Reproduce, with no changes, the line where "using v_fact_eq[of n] by" appears and every subsequent line of the listing, the last one included.

Supplied data:
====

lemma p_ge_2: "p \<ge> 2"
  using prime_p prime_ge_2_nat by blast

lemma v_of_int: "a \<noteq> 0 \<Longrightarrow> v (of_int a) = inverse (real p ^ multiplicity (int p) a)"
  using Cp by (simp add: Cp_field_def)

lemma v_of_nat: "n \<noteq> 0 \<Longrightarrow> v (of_nat n) = inverse (real p ^ multiplicity (int p) (int n))"
  using v_of_int[of "int n"] by simp

lemma of_nat_eq_0_iff [simp]: "(of_nat n :: 'a) = 0 \<longleftrightarrow> n = 0"
  using v_of_nat[of n] p_ge_2 by (cases "n = 0") auto

lemma v_of_nat_p: "v (of_nat p) = 1 / real p"
  using v_of_nat[of p] p_ge_2 prime_p
  by (simp add: multiplicity_prime prime_nat_iff_prime divide_inverse)

lemma v_of_nat_p_power: "v (of_nat (p ^ n)) = (1 / real p) ^ n"
  unfolding of_nat_power v_power v_of_nat_p ..

lemma v_of_nat_coprime: "\<not> p dvd n \<Longrightarrow> v (of_nat n) = 1"
  using v_of_nat[of n] by (cases "n = 0") (simp_all add: not_dvd_imp_multiplicity_0)

lemma v_of_int_le_iff_dvd: "v (of_int a) \<le> (1 / real p) ^ m \<longleftrightarrow> int p ^ m dvd a"
proof
  assume "int p ^ m dvd a"
  then obtain b where "a = int p ^ m * b"
    by (auto elim: dvdE)
  then have "v (of_int a) = (1 / real p) ^ m * v (of_int b)"
    using v_of_nat_p_power[of m] by (simp add: v_mult)
  also have "\<dots> \<le> (1 / real p) ^ m"
    using v_of_int_le_1[of b] by (simp add: mult_left_le)
  finally show "v (of_int a) \<le> (1 / real p) ^ m" .
next
  assume le: "v (of_int a) \<le> (1 / real p) ^ m"
  show "int p ^ m dvd a"
  proof (cases "a = 0")
    case False
    then have "inverse (real p ^ multiplicity (int p) a) \<le> inverse (real p ^ m)"
      using le v_of_int by (simp add: power_one_over divide_inverse power_inverse)
    then have "m \<le> multiplicity (int p) a"
      using p_ge_2 by (simp add: inverse_le_iff_le power_increasing_iff)
    then show ?thesis
      by (rule multiplicity_dvd')
  qed simp
qed

lemma v_of_nat_p_power_mult_le: "v (of_nat (p ^ n * j)) \<le> (1 / real p) ^ n"
  using v_of_nat_le_1[of j] p_ge_2 by (simp only: of_nat_mult v_mult v_of_nat_p_power) (simp add: mult_left_le)

lemma v_of_nat_diff_le_iff_mod_eq:
  "v (of_nat a - of_nat b) \<le> (1 / real p) ^ m \<longleftrightarrow> a mod p ^ m = b mod p ^ m"
proof -
  have "v (of_nat a - of_nat b) \<le> (1 / real p) ^ m \<longleftrightarrow> int p ^ m dvd int a - int b"
    using v_of_int_le_iff_dvd[of "int a - int b"] by simp
  also have "\<dots> \<longleftrightarrow> a mod p ^ m = b mod p ^ m"
    by (metis mod_eq_dvd_iff of_nat_eq_iff of_nat_mod of_nat_power)
  finally show ?thesis .
qed

lemma p_power_tendsto_0: "(\<lambda>n. (1 / real p) ^ n) \<longlonglongrightarrow> 0"
  using p_ge_2 by (intro LIMSEQ_power_zero) auto

lemma p_power_eventually_less: "d > 0 \<Longrightarrow> \<exists>N. \<forall>n\<ge>N. (1 / real p) ^ n < d"
  using order_tendstoD(2)[OF p_power_tendsto_0] by (simp add: eventually_sequentially)

lemma vconv_dominated_p_power:
  assumes "\<And>n. v (s n - L) \<le> C * (1 / real p) ^ n"
  shows "vconv v s L"
  by (rule vconv_dominated[OF always_eventually tendsto_mult_right_zero[OF p_power_tendsto_0]])
    (use assms in auto)

section \<open>The \<open>p\<close>-adic logarithm and exponential\<close>

text \<open>\<open>rho\<close> is the radius of convergence of the \<open>p\<close>-adic exponential series.\<close>

definition rho :: real where
  "rho = real p powr (-1 / (real p - 1))"

lemma rho_pos: "0 < rho"
  using p_ge_2 by (simp add: rho_def)

lemma rho_less_1: "rho < 1"
  unfolding rho_def using p_ge_2 by (intro powr_less_one) auto

lemma rho_power_p_minus_1: "rho ^ (p - 1) = 1 / real p"
proof -
  have "rho ^ (p - 1) = real p powr (real (p - 1) * (-1 / (real p - 1)))"
    unfolding rho_def using p_ge_2 by (subst powr_power) auto
  also have "real (p - 1) * (-1 / (real p - 1)) = -1"
    using p_ge_2 by (simp add: of_nat_diff)
  finally show ?thesis
    by (simp add: powr_minus_divide)
qed

lemma v_fact_eq: "v (of_nat (fact n)) = (1 / real p) ^ (n div p) * v (of_nat (fact (n div p)))"
proof (induction n)
  case (Suc n)
  show ?case
  proof (cases "p dvd Suc n")
    case False
    then have "Suc n div p = n div p"
      by (simp add: div_Suc dvd_eq_mod_eq_0)
    moreover have "v (of_nat (fact (Suc n))) = v (of_nat (Suc n)) * v (of_nat (fact n))"
      by (simp only: fact_Suc of_nat_mult v_mult of_nat_id)
    ultimately show ?thesis
      using Suc v_of_nat_coprime[OF False] by simp
  next
    case True
    then obtain k where k: "Suc n = p * k"
      by (auto elim: dvdE)
    then have "k > 0"
      by (cases k) auto
    have "Suc n div p = k"
      using k p_ge_2 by simp
    have "n = (p - 1) + p * (k - 1)"
      using k \<open>k > 0\<close> p_ge_2 by (cases k) (auto simp: algebra_simps)
    then have "n div p = k - 1"
      using div_mult_self2[of p "p - 1" "k - 1"] p_ge_2 by simp
    have "v (of_nat (fact (Suc n))) = v (of_nat (Suc n)) * v (of_nat (fact n))"
      by (simp only: fact_Suc of_nat_mult v_mult of_nat_id)
    also have "\<dots> = 1 / real p * v (of_nat k) * ((1 / real p) ^ (k - 1) * v (of_nat (fact (k - 1))))"
      using Suc \<open>n div p = k - 1\<close> by (simp only: k of_nat_mult v_mult v_of_nat_p)
    also have "\<dots> = (1 / real p) ^ k * (v (of_nat k) * v (of_nat (fact (k - 1))))"
      using \<open>k > 0\<close> by (cases k) simp_all
    also have "v (of_nat k) * v (of_nat (fact (k - 1))) = v (of_nat (fact k))"
      using \<open>k > 0\<close> by (simp add: fact_reduce[of k] v_mult)
    finally show ?thesis
      using \<open>Suc n div p = k\<close> by simp
  qed
qed simp

lemma v_fact_ge: "n \<ge> 1 \<Longrightarrow> v (of_nat (fact n)) \<ge> rho ^ (n - 1)"
proof (induction n rule: less_induct)
  case (less n)
  define m where "m = n div p"
  show ?case
  proof (cases "m = 0")
    case True
    then show ?thesis
      using v_fact_eq[of n] rho_pos rho_less_1 by (simp add: m_def power_le_one)
  next
    case False
    have "m < n"
      using p_ge_2 less.prems by (simp add: m_def)
    then have IH: "v (of_nat (fact m)) \<ge> rho ^ (m - 1)"
      using less.IH False by simp
    have "p * m \<le> n"
      unfolding m_def by (metis div_times_less_eq_dividend mult.commute)
    then have "rho ^ (n - 1) \<le> rho ^ (p * m - 1)"
      using rho_pos rho_less_1 by (intro power_decreasing) auto
    also have "p * m - 1 = (p - 1) * m + (m - 1)"
      using False p_ge_2 by (simp add: algebra_simps diff_mult_distrib)
    also have "rho ^ \<dots> = (1 / real p) ^ m * rho ^ (m - 1)"
      unfolding power_add power_mult rho_power_p_minus_1 ..
    also have "\<dots> \<le> (1 / real p) ^ m * v (of_nat (fact m))"
      using IH by (intro mult_left_mono) auto
    also have "\<dots> = v (of_nat (fact n))"
      using v_fact_eq[of n] by (simp add: m_def)
    finally show ?thesis .
  qed
qed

====

Reply to the task:
      using v_fact_eq[of n] by (simp add: m_def)
    finally show ?thesis .
  qed
qed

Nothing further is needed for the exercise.